Results and next steps?
As much as we love rewarding all enthusiasm and talent, there can only be one winner. Well, two in our case because there were two phenomenal candidates who we recognised as excelling in both the first and the second round of this competition out of 31 students who actively participated by submitting their solutions. The first one was Matyáš Skalický - for technical details of his solution winning first round check out his report, as well as Filip Dolník who decided not to go down the deep learning methodology route, but instead went for more traditional data modeling methods and smart heuristics.
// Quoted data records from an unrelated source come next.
(* Let $k\ge1$ and let $\Gamma\subset\mathbb{R}_+^k$ be a nonempty compact set. Let $\mu_n=(q_n,s_n,b_n)$, $n=1,2,\dots$, and $\mu=(q,s,b)$ be mechanisms in $\mathcal{M}_\Gamma$. If every $\mu_n$ is monotonic, $b_n$ converges pointwise to $b$ on $\mathbb{R}^k$, and $\mu$ is seller favorable, then $\mu$ is monotonic.
   Context: A $\Gamma$-mechanism consists of $q:\mathbb{R}_+^k\to\Gamma$ and $s:\mathbb{R}_+^k\to\mathbb{R}$; it is IC if $q(x)\cdot x-s(x)\ge q(y)\cdot x-s(y)$ for all $x,y\in\mathbb{R}_+^k$, IR if $q(x)\cdot x-s(x)\ge0$ for all $x\in\mathbb{R}_+^k$, and NPT if $s(x)\ge0$ for all $x\in\mathbb{R}_+^k$. $\mathcal{M}_\Gamma$ is the set of IC, IR and NPT $\Gamma$-mechanisms. The buyer payoff function is $b:\mathbb{R}^k\to\mathbb{R}$, $b(x):=\sup_{z\in\mathbb{R}_+^k}[q(z)\cdot x-s(z)]$; a mechanism is written $\mu=(q,s,b)$. For convex $f$, $f'(x;y):=\lim_{\delta\to0^+}(f(x+\delta y)-f(x))/\delta$. $\mu\in\mathcal{M}_\Gamma$ is seller favorable if $s(x)=b'(x;x)-b(x)$ for all $x\in\mathbb{R}_+^k$. A mechanism is monotonic if $s(y)\ge s(x)$ whenever $y\ge x$ (coordinatewise) in $\mathbb{R}_+^k$. *)

theory Defs
  imports "HOL-Analysis.Analysis"
begin

text \<open>The nonnegative orthant R_+^k, with k the (finite, nonempty) index type 'k.\<close>
definition nonneg_orthant :: "(real^'k) set" where
  "nonneg_orthant = {x. \<forall>i. 0 \<le> x $ i}"

text \<open>A Gamma-mechanism (q, s) that is IC, IR and NPT (membership in M_Gamma).
  Only the values of q, s on R_+^k are relevant.\<close>
definition in_M :: "(real^'k) set \<Rightarrow> (real^'k \<Rightarrow> real^'k) \<Rightarrow> (real^'k \<Rightarrow> real) \<Rightarrow> bool" where
  "in_M \<Gamma> q s \<longleftrightarrow>
     (\<forall>x\<in>nonneg_orthant. q x \<in> \<Gamma>) \<and>
     (\<forall>x\<in>nonneg_orthant. \<forall>y\<in>nonneg_orthant. q x \<bullet> x - s x \<ge> q y \<bullet> x - s y) \<and>
     (\<forall>x\<in>nonneg_orthant. q x \<bullet> x - s x \<ge> 0) \<and>
     (\<forall>x\<in>nonneg_orthant. s x \<ge> 0)"

definition buyer_payoff :: "(real^'k \<Rightarrow> real^'k) \<Rightarrow> (real^'k \<Rightarrow> real) \<Rightarrow> real^'k \<Rightarrow> real" where
  "buyer_payoff q s x = (SUP z\<in>nonneg_orthant. q z \<bullet> x - s z)"

definition dir_deriv :: "(real^'k \<Rightarrow> real) \<Rightarrow> real^'k \<Rightarrow> real^'k \<Rightarrow> real" where
  "dir_deriv f x y = Lim (at_right 0) (\<lambda>\<delta>. (f (x + \<delta> *\<^sub>R y) - f x) / \<delta>)"

definition seller_favorable :: "(real^'k \<Rightarrow> real^'k) \<Rightarrow> (real^'k \<Rightarrow> real) \<Rightarrow> bool" where
  "seller_favorable q s \<longleftrightarrow>
     (\<forall>x\<in>nonneg_orthant. s x = dir_deriv (buyer_payoff q s) x x - buyer_payoff q s x)"

definition monotonic_mech :: "(real^'k \<Rightarrow> real) \<Rightarrow> bool" where
  "monotonic_mech s \<longleftrightarrow>
     (\<forall>x\<in>nonneg_orthant. \<forall>y\<in>nonneg_orthant. (\<forall>i. x $ i \<le> y $ i) \<longrightarrow> s x \<le> s y)"

end

theory Submission
  imports Defs
begin
lemma lagrange_interpolation:
  assumes inj: "inj_on t {..n}" and deg: "degree h \<le> n"
  shows "poly h x = (\<Sum>k\<le>n. poly h (t k) * poly (lagrange_basis t n k) x)"
proof -
  define R where "R = h - (\<Sum>k\<le>n. smult (poly h (t k)) (lagrange_basis t n k))"
  have deg_R: "degree R \<le> n"
    unfolding R_def
    by (intro degree_diff_le deg degree_sum_le)
       (auto intro: order_trans[OF degree_smult_le] degree_lagrange_basis)
  have roots: "poly R (t j) = 0" if j: "j \<le> n" for j
  proof -
    have "(\<Sum>k\<le>n. poly h (t k) * poly (lagrange_basis t n k) (t j))
          = (\<Sum>k\<le>n. if k = j then poly h (t j) else 0)"
      by (rule sum.cong) (use j poly_lagrange_basis_node[OF inj] in auto)
    then show ?thesis using j by (simp add: R_def poly_sum)
  qed
  have "R = 0"
  proof (rule ccontr)
    assume "R \<noteq> 0"
    then have "finite {x. poly R x = 0}" "card {x. poly R x = 0} \<le> degree R"
      by (simp_all add: poly_roots_finite card_poly_roots_bound)
    moreover have "t ` {..n} \<subseteq> {x. poly R x = 0}" using roots by auto
    ultimately have "card (t ` {..n}) \<le> n" using deg_R card_mono by (metis order_trans)
    moreover have "card (t ` {..n}) = Suc n" using inj by (simp add: card_image)
    ultimately show False by simp
  qed
  then have "poly h x = poly (\<Sum>k\<le>n. smult (poly h (t k)) (lagrange_basis t n k)) x"
    unfolding R_def by simp
  then show ?thesis by (simp add: poly_sum)
qed
lemma state_degree_diff:
  fixes s1 s2 :: "nat \<Rightarrow> nat"
  assumes finC: "finite C" and s1: "s1 \<in> C \<rightarrow>\<^sub>E {0, 1}" and s2: "s2 \<in> C \<rightarrow>\<^sub>E {0, 1}"
  shows "state_degree C s1 - state_degree C s2 \<le> 2 * int (card {c \<in> C. s1 c \<noteq> s2 c})"
proof -
  have split: "card {c \<in> C. s c = 0} + card {c \<in> C. s c = 1} = card C"
    if s: "s \<in> C \<rightarrow>\<^sub>E {0, 1}" for s :: "nat \<Rightarrow> nat"
  proof -
    have "{c \<in> C. s c = 0} \<union> {c \<in> C. s c = 1} = C" using s by auto
    moreover have "{c \<in> C. s c = 0} \<inter> {c \<in> C. s c = 1} = {}" by auto
    ultimately show ?thesis using finC by (metis (no_types, lifting) card_Un_disjoint finite_Un)
  qed
  have "card {c \<in> C. s1 c = 0} \<le> card ({c \<in> C. s2 c = 0} \<union> {c \<in> C. s1 c \<noteq> s2 c})"
    using finC by (intro card_mono) auto
  also have "\<dots> \<le> card {c \<in> C. s2 c = 0} + card {c \<in> C. s1 c \<noteq> s2 c}" by (rule card_Un_le)
  finally show ?thesis using split[OF s1] split[OF s2] unfolding state_degree_def by linarith
qed

lemma bracket_support:
  assumes "fls_nth (bracket_n G n) d \<noteq> 0"
  shows "\<exists>s \<in> Cn G n \<rightarrow>\<^sub>E {0, 1}. state_degree (Cn G n) s - 2 * int (ncomp G (Cn G n) s - 1) \<le> d
    \<and> d \<le> state_degree (Cn G n) s + 2 * int (ncomp G (Cn G n) s - 1)"
proof (rule ccontr)
  let ?L = "\<lambda>s. (- (fls_X ^ 2) - fls_X_inv ^ 2 :: int fls) ^ (ncomp G (Cn G n) s - 1)"
  assume "\<not> ?thesis"
  then have "fls_nth (?L s) (d - state_degree (Cn G n) s) = 0" if "s \<in> Cn G n \<rightarrow>\<^sub>E {0, 1}" for s
    using that loop_factor_pow_support[of "ncomp G (Cn G n) s - 1" "d - state_degree (Cn G n) s"]
      by force
  then have "fls_nth (bracket_n G n) d = 0"
    unfolding bracket_n_def fls_nth_sum fls_intpow_times_nth state_degree_def by simp
  with assms show False by simp
qed

lemma fls_nth_jones_n_A:
  "fls_nth (jones_n_A G n) d = (-1) ^ nat \<bar>writhe G\<bar> * fls_nth (bracket_n G n) (d + 3 * writhe G)"
proof -
  have "fls_nth (fls_shift m 1 * (g :: int fls)) d = fls_nth g (d + m)" for m g
    using fls_intpow_times_nth[of "- m" g d] by simp
  then show ?thesis by (cases "even (nat \<bar>writhe G\<bar>)") (simp_all add: jones_n_A_def mult.assoc)
qed
(* Let $A$ be a set of agents and let $x$ be an agent with $x \notin A$. Suppose $PC(A,\phi)$ holds and all agents are honest (they communicate only truths). Suppose further that for some agent $v_x \in A$ the following two communications take place: $v_x$ communicates to $x$ the fact $PC(A,\phi)$, and $v_x$ communicates to every member of $A$ the fact $K_x\,\phi$. Then $PC(A \cup \{x\},\phi)$ holds.
   Context: The setting is epistemic (temporal) logic over a set of agents. For an agent $x$ and predicate $\phi$, $K_x\,\phi$ means "agent $x$ knows $\phi$"; only truths can be known (if $K_x\,\phi$ then $\phi$). Public certifiability of a fact $\phi$ among a set $A$ of agents is defined by $PC(A,\phi) :\iff \forall x,y \in A,\ K_x K_y\,\phi$. A communication "$v \to B : \psi$" means agent $v$ tells the fact $\psi$ to the agents in $B$; since agents are honest, a recipient of such a communication (with delivery assumed, i.e. liveness) comes to know $\psi$. *)

theory Defs
  imports Main
begin

text \<open>Kripke semantics of knowledge. Worlds (global states at a time point) have type 'w,
  agents type 'a; R a is agent a's indistinguishability relation. Predicates are
  world-dependent propositions.\<close>

definition K :: "('a \<Rightarrow> 'w \<Rightarrow> 'w \<Rightarrow> bool) \<Rightarrow> 'a \<Rightarrow> ('w \<Rightarrow> bool) \<Rightarrow> 'w \<Rightarrow> bool" where
  "K R x \<phi> = (\<lambda>w. \<forall>w'. R x w w' \<longrightarrow> \<phi> w')"

definition PC :: "('a \<Rightarrow> 'w \<Rightarrow> 'w \<Rightarrow> bool) \<Rightarrow> 'a set \<Rightarrow> ('w \<Rightarrow> bool) \<Rightarrow> 'w \<Rightarrow> bool" where
  "PC R A \<phi> = (\<lambda>w. \<forall>x\<in>A. \<forall>y\<in>A. K R x (K R y \<phi>) w)"

text \<open>Effect of the communication v \<rightarrow> B : \<psi> (evaluated after it took place):
  honesty -- the sender only tells what it knows (hence a truth);
  liveness -- every recipient comes to know \<psi>.\<close>

definition comm :: "('a \<Rightarrow> 'w \<Rightarrow> 'w \<Rightarrow> bool) \<Rightarrow> 'a \<Rightarrow> 'a set \<Rightarrow> ('w \<Rightarrow> bool) \<Rightarrow> 'w \<Rightarrow> bool" where
  "comm R v B \<psi> w = (K R v \<psi> w \<and> (\<forall>b\<in>B. K R b \<psi> w))"

end

theory Submission
  imports Defs
begin

text \<open>Every member of A already knows that every member of A knows \<open>\<phi>\<close>, and the second
  message tells it that x knows \<open>\<phi>\<close>. Agent x learns \<open>PC(A,\<phi>)\<close>; since \<open>v \<in> A\<close>, this
  implies both \<open>\<phi>\<close> and \<open>K\<^sub>a \<phi>\<close> for every \<open>a \<in> A\<close>, so x knows these facts, and positive
  introspection turns \<open>K\<^sub>x \<phi>\<close> into \<open>K\<^sub>x K\<^sub>x \<phi>\<close>.\<close>

lemma K_mono:
  assumes "\<And>u. \<phi> u \<Longrightarrow> \<psi> u" and "K R a \<phi> w"
  shows "K R a \<psi> w"
  using assms by (simp add: K_def)

lemma K_imp_truth:
  assumes "reflp (R a)" and "K R a \<phi> w"
  shows "\<phi> w"
  using assms by (simp add: K_def reflp_def)

lemma K_imp_K_K:
  assumes "transp (R a)" and "K R a \<phi> w"
  shows "K R a (K R a \<phi>) w"
  using assms unfolding K_def transp_def by blast

lemma PC_imp_K:
  assumes "\<And>a. reflp (R a)" and "PC R A \<phi> w" and "b \<in> A"
  shows "K R b \<phi> w"
proof -
  have "K R b (K R b \<phi>) w"
    using assms(2,3) by (simp add: PC_def)
  then show ?thesis
    by (rule K_imp_truth[OF assms(1)])
qed

lemma PC_imp_truth:
  assumes "\<And>a. reflp (R a)" and "PC R A \<phi> w" and "A \<noteq> {}"
  shows "\<phi> w"
proof -
  obtain b where "b \<in> A"
    using assms(3) by blast
  then have "K R b \<phi> w"
    by (rule PC_imp_K[OF assms(1,2)])
  then show ?thesis
    by (rule K_imp_truth[OF assms(1)])
qed

lemma PC_insert_iff:
  "PC R (insert x A) \<phi> w \<longleftrightarrow>
     PC R A \<phi> w \<and> K R x (K R x \<phi>) w \<and>
     (\<forall>a\<in>A. K R a (K R x \<phi>) w \<and> K R x (K R a \<phi>) w)"
  by (auto simp: PC_def)

lemma comm_imp_K:
  assumes "comm R v B \<psi> w" and "b \<in> B"
  shows "K R b \<psi> w"
  using assms by (simp add: comm_def)

theorem lemma1:
  fixes R :: "'a \<Rightarrow> 'w \<Rightarrow> 'w \<Rightarrow> bool" and A :: "'a set" and x v :: 'a
    and \<phi> :: "'w \<Rightarrow> bool" and w :: 'w
  assumes S5: "\<And>a. equivp (R a)"
    and "x \<notin> A"
    and "PC R A \<phi> w"
    and "v \<in> A"
    and "comm R v {x} (PC R A \<phi>) w"
    and "comm R v A (K R x \<phi>) w"
  shows "PC R (A \<union> {x}) \<phi> w"
proof -
  have refl: "\<And>a. reflp (R a)" and trans: "\<And>a. transp (R a)"
    using S5 by (simp_all add: equivp_reflp_symp_transp)
  have x_knows_PC: "K R x (PC R A \<phi>) w"
    using assms(5) by (rule comm_imp_K) simp
  have x_knows_\<phi>: "K R x \<phi> w"
    using \<open>v \<in> A\<close> by (intro K_mono[OF _ x_knows_PC] PC_imp_truth[OF refl]) auto
  have "K R x (K R a \<phi>) w" if "a \<in> A" for a
    by (rule K_mono[OF _ x_knows_PC]) (rule PC_imp_K[OF refl _ that])
  moreover have "K R a (K R x \<phi>) w" if "a \<in> A" for a
    using assms(6) that by (rule comm_imp_K)
  ultimately show ?thesis
    unfolding Un_insert_right Un_empty_right PC_insert_iff
    using \<open>PC R A \<phi> w\<close> K_imp_K_K[OF trans x_knows_\<phi>] by blast
qed

end
(* Let $m,k,l$ be nonnegative integers with $k+l\le m$, $\alpha,\beta>-1$, and let $f$ be a function on $[0,1]$ with $\langle f,f\rangle<\infty$ which has derivatives $f^{(i)}(0)$ for $0\le i\le k-1$ and $f^{(i)}(1)$ for $0\le i\le l-1$. Consider the problem of finding $P_m(t)=\sum_{i=0}^m p_iB^m_i(t)$ minimizing $\|f-P_m\|^2=\langle f-P_m,f-P_m\rangle$ subject to $P_m^{(i)}(0)=f^{(i)}(0)$ ($i=0,\ldots,k-1$) and $P_m^{(j)}(1)=f^{(j)}(1)$ ($j=0,\ldots,l-1$). The coefficients of the minimizer are given by \[ p_i=\frac{(m-i)!}{m!}f^{(i)}(0)-\sum_{j=0}^{i-1}(-1)^{i+j}\binom ij p_j\qquad(i=0,1,\ldots,k-1), \] \[ p_{m-i}=(-1)^i\frac{(m-i)!}{m!}f^{(i)}(1)-\sum_{j=1}^{i}(-1)^j\binom ij p_{m-i+j}\qquad(i=0,1,\ldots,l-1), \] \[ p_i=\sum_{j=k}^{m-l}C_{ij}(m,k,l,\alpha,\beta)\,\langle f,B^m_j\rangle-\Big(\sum_{j=0}^{k-1}+\sum_{j=m-l+1}^{m}\Big)p_j\,K_{ij}\qquad(i=k,k+1,\ldots,m-l), \] where $C_{ij}(m,k,l,\alpha,\beta)$ are the B\'ezier coefficients of the constrained dual Bernstein polynomials, $D^{(m,k,l)}_i(x;\alpha,\beta)=\sum_{j=k}^{m-l}C_{ij}(m,k,l,\alpha,\beta)B^m_j(x)$, and for $k\le i\le m-l$ and $j\in\{0,\ldots,k-1\}\cup\{m-l+1,\ldots,m\}$, \[ K_{ij}=\binom mj\binom mi^{-1}\frac{(-1)^{i-k}(k-j)_{m-k-l+1}}{(i-j)\,(i-k)!\,(m-l-i)!}\cdot\frac{(\alpha+l+1)_{m-j}(\beta+k+1)_j}{(\alpha+l+1)_{m-i}(\beta+k+1)_i} \] (which equals $\langle B^m_j,D^{(m,k,l)}_i\rangle$).
   Context: For $\alpha,\beta>-1$ define $\langle f,g\rangle:=\int_0^1(1-x)^{\alpha}x^{\beta}f(x)g(x)\,dx$ and $\|g\|^2=\langle g,g\rangle$. Bernstein polynomials: $B^m_i(x)=\binom mi x^i(1-x)^{m-i}$. For $k+l\le m$, $\Pi_m^{(k,l)}$ is the space of polynomials $P$ of degree $\le m$ with $P^{(i)}(0)=0$ for $0\le i\le k-1$ and $P^{(j)}(1)=0$ for $0\le j\le l-1$; it has basis $B^m_k,\ldots,B^m_{m-l}$. The constrained dual Bernstein polynomials $D^{(m,k,l)}_i(x;\alpha,\beta)$, $k\le i\le m-l$, are the unique elements of $\Pi_m^{(k,l)}$ with $\langle D^{(m,k,l)}_i,B^m_j\rangle=\delta_{ij}$ for $i,j=k,\ldots,m-l$. Notation: $(c)_k:=\prod_{j=0}^{k-1}(c+j)$, $(c)_0=1$. *)

theory Defs
  imports "HOL-Analysis.Analysis" "HOL-Computational_Algebra.Polynomial"
begin

definition jweight :: "real \<Rightarrow> real \<Rightarrow> real \<Rightarrow> real" where
  "jweight \<alpha> \<beta> x = (1 - x) powr \<alpha> * x powr \<beta>"

definition wip :: "real \<Rightarrow> real \<Rightarrow> (real \<Rightarrow> real) \<Rightarrow> (real \<Rightarrow> real) \<Rightarrow> real" where
  "wip \<alpha> \<beta> f g = set_lebesgue_integral lborel {0..1} (\<lambda>x. jweight \<alpha> \<beta> x * f x * g x)"

definition bern :: "nat \<Rightarrow> nat \<Rightarrow> real \<Rightarrow> real" where
  "bern m i x = real (m choose i) * x ^ i * (1 - x) ^ (m - i)"

definition bern_poly :: "nat \<Rightarrow> nat \<Rightarrow> real poly" where
  "bern_poly m i = smult (real (m choose i)) (monom 1 i * [:1, -1:] ^ (m - i))"

definition bezier_poly :: "nat \<Rightarrow> (nat \<Rightarrow> real) \<Rightarrow> real poly" where
  "bezier_poly m p = (\<Sum>i\<le>m. smult (p i) (bern_poly m i))"

text \<open>Bezier coefficients C_ij(m,k,l,alpha,beta) of the constrained dual Bernstein
  polynomial D^(m,k,l)_i: the unique coefficient vector c supported on {k..m-l}
  with <sum_h c_h B^m_h, B^m_j> = delta_ij for j = k..m-l.\<close>
definition dualC :: "nat \<Rightarrow> nat \<Rightarrow> nat \<Rightarrow> real \<Rightarrow> real \<Rightarrow> nat \<Rightarrow> nat \<Rightarrow> real" where
  "dualC m k l \<alpha> \<beta> i = (THE c.
      (\<forall>h. h \<notin> {k..m-l} \<longrightarrow> c h = 0) \<and>
      (\<forall>j\<in>{k..m-l}. wip \<alpha> \<beta> (\<lambda>x. \<Sum>h=k..m-l. c h * bern m h x) (bern m j)
                      = (if i = j then 1 else 0)))"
This shows that ‘AI’ while a fantastic development in human history, has many faces, and deep learning methods are just one of the many approaches to achieve great results. Often, taking a hybrid approach of for example combining a deep learning basis with smart heuristics ‘on top’ of it can add the extra accuracy edge needed for a top-shelf product. We’re immensely proud that this competition has so far brought this to the surface and highlighted more great talent in our community. Keep your eyes peeled for next steps and more cool competitions coming your way from the Recombee gang…
Also, if you like to learn more about machine learning techniques involved in predicting the next shopping basket from past purchases check out the second part of our intro blogpost. We are also about to publish more about deep learning recommender systems soon as we’ve heard from many of you, you’d like to know more about this. You can look at the master thesis of Radek Bartyzal as a bit of a taster teaser of the type of cool content we’re prepping for you.
Last but not least; we’re planning a new competition of this type to keep the momentum going and to motivate more students to show us what they’ve got and how they apply what they’ve learned in their courses so far in real life. Also, the Recsys research community is hungry for new challenges that will have tremendous business impact.